_Saved data entries_
• • • • • • •

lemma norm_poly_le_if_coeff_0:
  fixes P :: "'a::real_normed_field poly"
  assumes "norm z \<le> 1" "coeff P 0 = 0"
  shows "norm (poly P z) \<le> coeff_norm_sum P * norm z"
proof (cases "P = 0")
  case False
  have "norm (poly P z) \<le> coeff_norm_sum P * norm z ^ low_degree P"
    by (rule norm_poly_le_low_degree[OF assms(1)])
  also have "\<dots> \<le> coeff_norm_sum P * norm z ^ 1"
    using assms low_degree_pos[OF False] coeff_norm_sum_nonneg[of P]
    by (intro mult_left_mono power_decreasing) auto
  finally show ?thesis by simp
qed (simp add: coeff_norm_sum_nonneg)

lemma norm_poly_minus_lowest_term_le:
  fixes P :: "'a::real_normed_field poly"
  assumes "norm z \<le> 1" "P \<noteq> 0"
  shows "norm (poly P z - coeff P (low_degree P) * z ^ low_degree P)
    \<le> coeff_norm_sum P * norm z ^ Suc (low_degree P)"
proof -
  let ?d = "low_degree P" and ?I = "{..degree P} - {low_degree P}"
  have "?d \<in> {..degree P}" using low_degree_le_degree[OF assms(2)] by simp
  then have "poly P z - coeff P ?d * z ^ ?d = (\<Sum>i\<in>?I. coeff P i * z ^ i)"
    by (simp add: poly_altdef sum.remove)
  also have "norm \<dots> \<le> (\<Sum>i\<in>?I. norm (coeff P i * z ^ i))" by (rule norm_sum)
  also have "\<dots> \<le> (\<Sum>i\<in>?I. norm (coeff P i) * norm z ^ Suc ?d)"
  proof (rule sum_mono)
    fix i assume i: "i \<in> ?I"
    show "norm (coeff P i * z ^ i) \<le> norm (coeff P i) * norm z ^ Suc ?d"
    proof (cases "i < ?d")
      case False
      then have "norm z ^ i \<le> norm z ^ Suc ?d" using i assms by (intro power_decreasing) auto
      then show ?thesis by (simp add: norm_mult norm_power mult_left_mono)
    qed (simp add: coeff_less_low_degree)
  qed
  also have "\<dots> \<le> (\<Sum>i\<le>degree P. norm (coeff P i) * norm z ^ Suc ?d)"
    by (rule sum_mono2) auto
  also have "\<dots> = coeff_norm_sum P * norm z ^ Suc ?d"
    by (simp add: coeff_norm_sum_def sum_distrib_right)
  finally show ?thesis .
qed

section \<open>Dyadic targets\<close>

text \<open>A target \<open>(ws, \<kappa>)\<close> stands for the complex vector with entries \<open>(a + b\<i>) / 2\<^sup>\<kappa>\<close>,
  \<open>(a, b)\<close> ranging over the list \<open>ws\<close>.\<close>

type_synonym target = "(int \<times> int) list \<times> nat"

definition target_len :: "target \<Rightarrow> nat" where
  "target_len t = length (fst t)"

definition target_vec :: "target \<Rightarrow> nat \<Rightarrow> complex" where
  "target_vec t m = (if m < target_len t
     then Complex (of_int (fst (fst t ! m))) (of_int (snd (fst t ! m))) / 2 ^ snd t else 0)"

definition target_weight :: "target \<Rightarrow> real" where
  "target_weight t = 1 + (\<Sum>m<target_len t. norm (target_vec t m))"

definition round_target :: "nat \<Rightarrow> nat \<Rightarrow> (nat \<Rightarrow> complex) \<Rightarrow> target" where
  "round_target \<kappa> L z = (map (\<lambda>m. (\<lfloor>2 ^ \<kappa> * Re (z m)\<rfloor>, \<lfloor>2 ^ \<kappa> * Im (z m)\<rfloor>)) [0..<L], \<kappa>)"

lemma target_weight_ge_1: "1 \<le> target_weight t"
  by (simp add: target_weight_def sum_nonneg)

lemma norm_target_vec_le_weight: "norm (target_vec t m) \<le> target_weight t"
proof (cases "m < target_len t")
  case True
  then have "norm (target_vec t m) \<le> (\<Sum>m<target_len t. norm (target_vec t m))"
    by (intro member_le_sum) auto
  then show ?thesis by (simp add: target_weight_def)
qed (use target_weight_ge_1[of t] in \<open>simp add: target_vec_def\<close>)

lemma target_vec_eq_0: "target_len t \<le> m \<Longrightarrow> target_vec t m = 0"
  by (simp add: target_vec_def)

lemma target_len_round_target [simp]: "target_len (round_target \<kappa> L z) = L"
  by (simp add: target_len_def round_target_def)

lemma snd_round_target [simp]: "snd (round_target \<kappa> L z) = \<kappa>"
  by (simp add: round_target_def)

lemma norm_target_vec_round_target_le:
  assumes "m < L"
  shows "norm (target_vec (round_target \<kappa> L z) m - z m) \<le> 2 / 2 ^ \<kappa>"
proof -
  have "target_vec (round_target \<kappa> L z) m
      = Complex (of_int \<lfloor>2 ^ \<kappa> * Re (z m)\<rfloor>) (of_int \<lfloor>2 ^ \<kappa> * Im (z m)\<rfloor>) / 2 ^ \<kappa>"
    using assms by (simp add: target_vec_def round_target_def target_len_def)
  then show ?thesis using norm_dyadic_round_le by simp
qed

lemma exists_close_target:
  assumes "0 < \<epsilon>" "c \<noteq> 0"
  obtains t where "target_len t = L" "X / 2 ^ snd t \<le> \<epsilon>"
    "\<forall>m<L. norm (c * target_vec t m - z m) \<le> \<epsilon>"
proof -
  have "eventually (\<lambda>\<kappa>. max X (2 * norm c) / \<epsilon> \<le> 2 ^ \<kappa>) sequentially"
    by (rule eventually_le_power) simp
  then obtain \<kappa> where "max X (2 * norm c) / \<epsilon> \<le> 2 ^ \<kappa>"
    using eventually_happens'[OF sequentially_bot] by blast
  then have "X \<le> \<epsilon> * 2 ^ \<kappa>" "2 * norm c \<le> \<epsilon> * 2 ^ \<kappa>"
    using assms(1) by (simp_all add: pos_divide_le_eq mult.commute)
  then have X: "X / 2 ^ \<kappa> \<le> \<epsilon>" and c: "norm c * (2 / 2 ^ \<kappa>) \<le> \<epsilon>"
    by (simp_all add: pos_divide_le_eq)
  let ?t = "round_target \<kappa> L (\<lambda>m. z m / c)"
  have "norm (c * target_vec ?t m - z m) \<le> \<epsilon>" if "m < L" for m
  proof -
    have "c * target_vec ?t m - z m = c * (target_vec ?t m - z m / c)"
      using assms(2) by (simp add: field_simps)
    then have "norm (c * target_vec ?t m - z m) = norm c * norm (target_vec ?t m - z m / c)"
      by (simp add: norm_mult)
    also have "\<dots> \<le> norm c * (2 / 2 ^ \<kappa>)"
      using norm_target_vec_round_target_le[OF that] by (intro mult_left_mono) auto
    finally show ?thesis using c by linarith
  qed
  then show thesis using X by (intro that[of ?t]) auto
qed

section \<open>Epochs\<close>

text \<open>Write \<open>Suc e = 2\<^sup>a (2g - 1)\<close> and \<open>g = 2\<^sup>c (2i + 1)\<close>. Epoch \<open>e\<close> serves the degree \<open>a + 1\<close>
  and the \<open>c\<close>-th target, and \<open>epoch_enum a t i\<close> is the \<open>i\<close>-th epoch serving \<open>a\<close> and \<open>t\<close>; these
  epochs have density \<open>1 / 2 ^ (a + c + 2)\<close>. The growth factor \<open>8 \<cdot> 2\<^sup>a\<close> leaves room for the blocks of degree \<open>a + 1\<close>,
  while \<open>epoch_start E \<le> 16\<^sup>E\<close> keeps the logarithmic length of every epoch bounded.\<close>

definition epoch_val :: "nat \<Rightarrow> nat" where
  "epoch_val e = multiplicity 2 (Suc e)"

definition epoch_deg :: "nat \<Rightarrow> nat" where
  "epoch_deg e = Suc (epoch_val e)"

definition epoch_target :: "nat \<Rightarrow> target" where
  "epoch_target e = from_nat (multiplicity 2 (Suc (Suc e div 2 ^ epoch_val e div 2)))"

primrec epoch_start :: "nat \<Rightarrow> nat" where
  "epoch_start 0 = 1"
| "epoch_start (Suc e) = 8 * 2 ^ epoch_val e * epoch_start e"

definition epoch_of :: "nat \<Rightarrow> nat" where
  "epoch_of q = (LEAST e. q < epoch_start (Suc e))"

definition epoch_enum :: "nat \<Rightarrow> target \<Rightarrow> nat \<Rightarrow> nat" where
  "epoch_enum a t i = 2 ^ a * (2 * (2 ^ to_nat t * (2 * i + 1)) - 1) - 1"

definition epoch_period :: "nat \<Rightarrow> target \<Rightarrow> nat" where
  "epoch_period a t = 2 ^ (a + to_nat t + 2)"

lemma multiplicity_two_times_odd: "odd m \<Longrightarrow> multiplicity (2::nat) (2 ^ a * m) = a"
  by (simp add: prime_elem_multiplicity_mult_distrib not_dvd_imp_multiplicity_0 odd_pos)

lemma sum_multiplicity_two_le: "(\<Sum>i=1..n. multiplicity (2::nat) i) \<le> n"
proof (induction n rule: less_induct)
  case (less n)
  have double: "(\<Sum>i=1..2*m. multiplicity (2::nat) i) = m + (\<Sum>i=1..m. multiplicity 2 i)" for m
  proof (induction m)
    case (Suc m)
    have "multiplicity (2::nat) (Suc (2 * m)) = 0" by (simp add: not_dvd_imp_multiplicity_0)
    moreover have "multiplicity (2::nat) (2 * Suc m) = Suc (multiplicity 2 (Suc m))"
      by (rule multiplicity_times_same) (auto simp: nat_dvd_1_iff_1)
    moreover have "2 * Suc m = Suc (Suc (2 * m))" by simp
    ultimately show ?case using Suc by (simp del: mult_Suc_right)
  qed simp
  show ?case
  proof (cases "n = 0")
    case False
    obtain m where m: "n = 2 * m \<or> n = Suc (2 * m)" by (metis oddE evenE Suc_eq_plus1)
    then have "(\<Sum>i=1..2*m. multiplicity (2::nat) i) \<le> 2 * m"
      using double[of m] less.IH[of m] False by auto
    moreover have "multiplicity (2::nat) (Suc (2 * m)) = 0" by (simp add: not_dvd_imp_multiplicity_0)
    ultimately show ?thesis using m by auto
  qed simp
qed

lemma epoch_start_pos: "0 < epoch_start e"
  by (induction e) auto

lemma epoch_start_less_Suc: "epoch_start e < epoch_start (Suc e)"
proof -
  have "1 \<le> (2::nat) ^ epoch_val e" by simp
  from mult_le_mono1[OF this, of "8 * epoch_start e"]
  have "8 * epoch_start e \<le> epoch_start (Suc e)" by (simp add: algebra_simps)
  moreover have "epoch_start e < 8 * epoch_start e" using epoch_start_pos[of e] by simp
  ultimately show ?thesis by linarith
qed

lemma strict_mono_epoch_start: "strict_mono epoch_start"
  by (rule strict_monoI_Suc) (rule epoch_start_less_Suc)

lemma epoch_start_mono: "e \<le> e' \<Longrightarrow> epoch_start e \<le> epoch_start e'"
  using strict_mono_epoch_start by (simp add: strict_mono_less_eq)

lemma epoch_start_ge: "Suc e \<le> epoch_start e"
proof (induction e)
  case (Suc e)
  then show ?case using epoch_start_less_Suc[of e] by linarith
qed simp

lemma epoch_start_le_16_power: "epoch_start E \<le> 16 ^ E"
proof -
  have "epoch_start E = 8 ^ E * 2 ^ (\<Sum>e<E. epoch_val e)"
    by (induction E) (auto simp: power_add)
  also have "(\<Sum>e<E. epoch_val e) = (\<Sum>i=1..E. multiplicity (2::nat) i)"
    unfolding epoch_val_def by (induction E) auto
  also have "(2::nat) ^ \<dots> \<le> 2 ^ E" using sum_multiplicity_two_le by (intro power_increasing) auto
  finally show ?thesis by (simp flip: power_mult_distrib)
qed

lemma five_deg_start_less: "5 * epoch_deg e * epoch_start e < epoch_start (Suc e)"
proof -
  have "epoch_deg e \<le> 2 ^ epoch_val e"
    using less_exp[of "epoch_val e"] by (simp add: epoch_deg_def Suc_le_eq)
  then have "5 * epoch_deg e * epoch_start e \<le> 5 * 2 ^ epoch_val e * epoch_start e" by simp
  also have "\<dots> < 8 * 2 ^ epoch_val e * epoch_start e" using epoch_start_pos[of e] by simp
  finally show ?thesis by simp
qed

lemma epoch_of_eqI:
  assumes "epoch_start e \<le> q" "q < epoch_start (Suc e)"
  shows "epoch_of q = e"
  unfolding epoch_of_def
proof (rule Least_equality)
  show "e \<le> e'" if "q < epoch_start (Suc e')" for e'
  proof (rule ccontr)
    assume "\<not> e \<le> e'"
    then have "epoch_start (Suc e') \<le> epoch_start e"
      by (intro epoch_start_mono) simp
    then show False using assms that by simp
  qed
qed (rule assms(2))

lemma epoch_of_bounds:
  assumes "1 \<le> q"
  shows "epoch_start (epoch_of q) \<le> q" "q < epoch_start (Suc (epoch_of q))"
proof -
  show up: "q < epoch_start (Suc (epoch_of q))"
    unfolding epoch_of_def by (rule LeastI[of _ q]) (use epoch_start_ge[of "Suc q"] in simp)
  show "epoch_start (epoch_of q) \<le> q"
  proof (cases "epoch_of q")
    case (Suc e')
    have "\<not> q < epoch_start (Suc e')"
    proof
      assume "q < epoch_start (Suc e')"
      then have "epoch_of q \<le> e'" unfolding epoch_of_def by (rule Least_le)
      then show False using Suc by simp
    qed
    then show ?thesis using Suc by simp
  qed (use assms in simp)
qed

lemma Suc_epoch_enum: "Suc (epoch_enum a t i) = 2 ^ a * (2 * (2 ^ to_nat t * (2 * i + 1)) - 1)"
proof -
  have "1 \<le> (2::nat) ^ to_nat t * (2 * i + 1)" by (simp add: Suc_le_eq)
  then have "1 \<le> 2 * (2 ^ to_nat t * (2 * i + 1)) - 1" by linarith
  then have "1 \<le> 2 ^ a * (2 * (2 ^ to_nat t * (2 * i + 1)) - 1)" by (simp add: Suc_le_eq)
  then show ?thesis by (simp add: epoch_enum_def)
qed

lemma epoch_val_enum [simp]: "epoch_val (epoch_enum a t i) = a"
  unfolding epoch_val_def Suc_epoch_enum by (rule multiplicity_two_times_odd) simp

• • • • • • •

_Task objective_
Only lines with the word "assms" are wanted; pull each of them from the records.

_Exercise result_
    by (rule norm_poly_le_low_degree[OF assms(1)])
    using assms low_degree_pos[OF False] coeff_norm_sum_nonneg[of P]
  have "?d \<in> {..degree P}" using low_degree_le_degree[OF assms(2)] by simp
      then have "norm z ^ i \<le> norm z ^ Suc ?d" using i assms by (intro power_decreasing) auto
    using assms by (simp add: target_vec_def round_target_def target_len_def)
    using assms(1) by (simp_all add: pos_divide_le_eq mult.commute)
      using assms(2) by (simp add: field_simps)
    then show False using assms that by simp
qed (rule assms(2))
  qed (use assms in simp)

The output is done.